The Mudry CAP 20 is a French family of aerobatic competition single seater monoplanes.

==Design and development==
The Mudry CAP 20 was developed at the same time as the CAP 10, as a single-seat aerobatic version. It was followed by a lightweight version designated the CAP 20L which in turn was replaced by the CAP 21 with more advanced wing.

The CAP 20 was developed as a single-seat acrobatic version of the company's CAP 10; it was used by the French Air Force's flying demonstration team, Equipe de Voltige Aerienne. The CAP 20L is externally similar to the 20, but is a structurally new design. The wing planform is more angular; the dihedral is less (1.5 degrees); the fuselage cross-section is distinct, with a rounded top (the 20 used a triangular-shaped top deck). Its dimensions are slightly reduced, and the empty weight was considerably lower (the L stands for leger, or light).

Production of the 20L was suspended in July 1979, when managers decided to improve its wing design.

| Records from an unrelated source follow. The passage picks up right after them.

lemma coeff_sum_alpha:
  assumes "i \<in> {1..n}"
  shows "coeff i (\<Sum>j\<in>{1..n}. c j *\<^sub>R \<alpha> j) = c i"
proof -
  let ?x = "\<Sum>j\<in>{1..n}. c j *\<^sub>R \<alpha> j"
  have "(\<Sum>j\<in>{1..n}. (coeff j ?x - c j) *\<^sub>R \<alpha> j) = 0"
    using sum_coeff_alpha[of ?x] by (simp add: scaleR_diff_left sum_subtractf)
  thus ?thesis
    using sum_alpha_eq_0 assms by fastforce
qed

lemma coeff_eqI: "(\<And>j. j \<in> {1..n} \<Longrightarrow> coeff j x = coeff j y) \<Longrightarrow> x = y"
  using sum.cong[of "{1..n}" "{1..n}" "\<lambda>j. coeff j x *\<^sub>R \<alpha> j" "\<lambda>j. coeff j y *\<^sub>R \<alpha> j"]
  by (simp only: sum_coeff_alpha)

lemma linear_coeff: "linear (coeff i)"
proof (cases "i \<in> {1..n}")
  case True
  show ?thesis
  proof (rule linearI)
    fix x y
    have "x + y = (\<Sum>j\<in>{1..n}. (coeff j x + coeff j y) *\<^sub>R \<alpha> j)"
      by (simp only: scaleR_add_left sum.distrib sum_coeff_alpha)
    thus "coeff i (x + y) = coeff i x + coeff i y"
      using coeff_sum_alpha[OF True] by (simp only:)
  next
    fix r x
    have "r *\<^sub>R x = (\<Sum>j\<in>{1..n}. (r * coeff j x) *\<^sub>R \<alpha> j)"
      by (simp only: scaleR_scaleR[symmetric] scaleR_sum_right[symmetric] sum_coeff_alpha)
    thus "coeff i (r *\<^sub>R x) = r *\<^sub>R coeff i x"
      using coeff_sum_alpha[OF True] by (simp only: real_scaleR_def)
  qed
next
  case False
  thus ?thesis by (intro linearI) (simp_all add: coeff_outside)
qed
(* Let $\mathbf{A}',\mathbf{A}'',\mathbf{B}',\mathbf{B}''$ be $n\times n$ Hermitian non-negative definite matrices such that either $\mathbf{A}'\neq\mathbf{A}''$ or $\mathbf{B}'\neq\mathbf{B}''$. Assume that the Loewner order is total on each of the pairs $(\mathbf{A}',\mathbf{A}'')$ and $(\mathbf{B}',\mathbf{B}'')$, i.e., either $\mathbf{A}'\succeq\mathbf{A}''$ or $\mathbf{A}''\succ\mathbf{A}'$, and either $\mathbf{B}'\succeq\mathbf{B}''$ or $\mathbf{B}''\succ\mathbf{B}'$. Define $\mathbf{M}=(\mathbf{A}''-\mathbf{A}')\left[(\mathbf{I}+\mathbf{A}')^{-1}-(\mathbf{I}+\mathbf{A}'')^{-1}\right]$ and $\mathbf{N}=(\mathbf{B}''-\mathbf{B}')\left[(\mathbf{I}+\mathbf{B}'+\mathbf{A}')^{-1}-(\mathbf{I}+\mathbf{B}''+\mathbf{A}'')^{-1}\right]$. Then $\mathrm{Tr}(\mathbf{M}+\mathbf{N})\ge 0$.
   Context: $\succeq$ denotes the Loewner order on Hermitian matrices: $\mathbf{X}\succeq\mathbf{Y}$ iff $\mathbf{X}-\mathbf{Y}$ is positive semidefinite; $\mathbf{X}\succ\mathbf{Y}$ iff $\mathbf{X}-\mathbf{Y}$ is positive definite. *)

theory Defs
  imports "HOL-Analysis.Analysis" "HOL-Library.Complex_Order"
begin

definition adjoint_mat :: "complex^'n^'n \<Rightarrow> complex^'n^'n" where
  "adjoint_mat A = (\<chi> i j. cnj (A $ j $ i))"

definition hermitian :: "complex^'n^'n \<Rightarrow> bool" where
  "hermitian A \<longleftrightarrow> adjoint_mat A = A"

definition qform :: "complex^'n^'n \<Rightarrow> complex^'n \<Rightarrow> complex" where
  "qform A x = (\<Sum>i\<in>UNIV. cnj (x $ i) * (A *v x) $ i)"

text \<open>Positive semidefinite (non-negative definite) and positive definite, via the
  complex order of Complex_Order (so 0 <= z means z is real and non-negative).\<close>
definition psd :: "complex^'n^'n \<Rightarrow> bool" where
  "psd A \<longleftrightarrow> (\<forall>x. 0 \<le> qform A x)"

definition pd :: "complex^'n^'n \<Rightarrow> bool" where
  "pd A \<longleftrightarrow> (\<forall>x. x \<noteq> 0 \<longrightarrow> 0 < qform A x)"

definition loewner_ge :: "complex^'n^'n \<Rightarrow> complex^'n^'n \<Rightarrow> bool" where
  "loewner_ge X Y \<longleftrightarrow> psd (X - Y)"

definition loewner_gt :: "complex^'n^'n \<Rightarrow> complex^'n^'n \<Rightarrow> bool" where
  "loewner_gt X Y \<longleftrightarrow> pd (X - Y)"

end

theory Submission
  imports Defs
begin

However, when the new wing was introduced, the overall design was tweaked to the point that a new designation (CAP 21) was used to designate the series.

The CAP-21 was then developed as the CAP-230.

==Variants==
- CAP 20
Initial version, 9 aircraft (1 CAP-20, 3 CAP-20A, 4 CAP-20B, 1 CAP-20E)
- CAP 20L-180
Lightweight variant powered by a 134 kW Avco Lycoming piston engine, only one aircraft produced.
- CAP 20LS-200
Lightweight variant powered by a 149 kW Avco Lycoming IO-360-RCF piston engine, 12 aircraft.
- CAP 21
Improved version with new advanced aerofoil section wing and new landing gear, 18 aircraft.
- CAP-21-260
 A CAP-21 retrofitted with a 194 kW engine.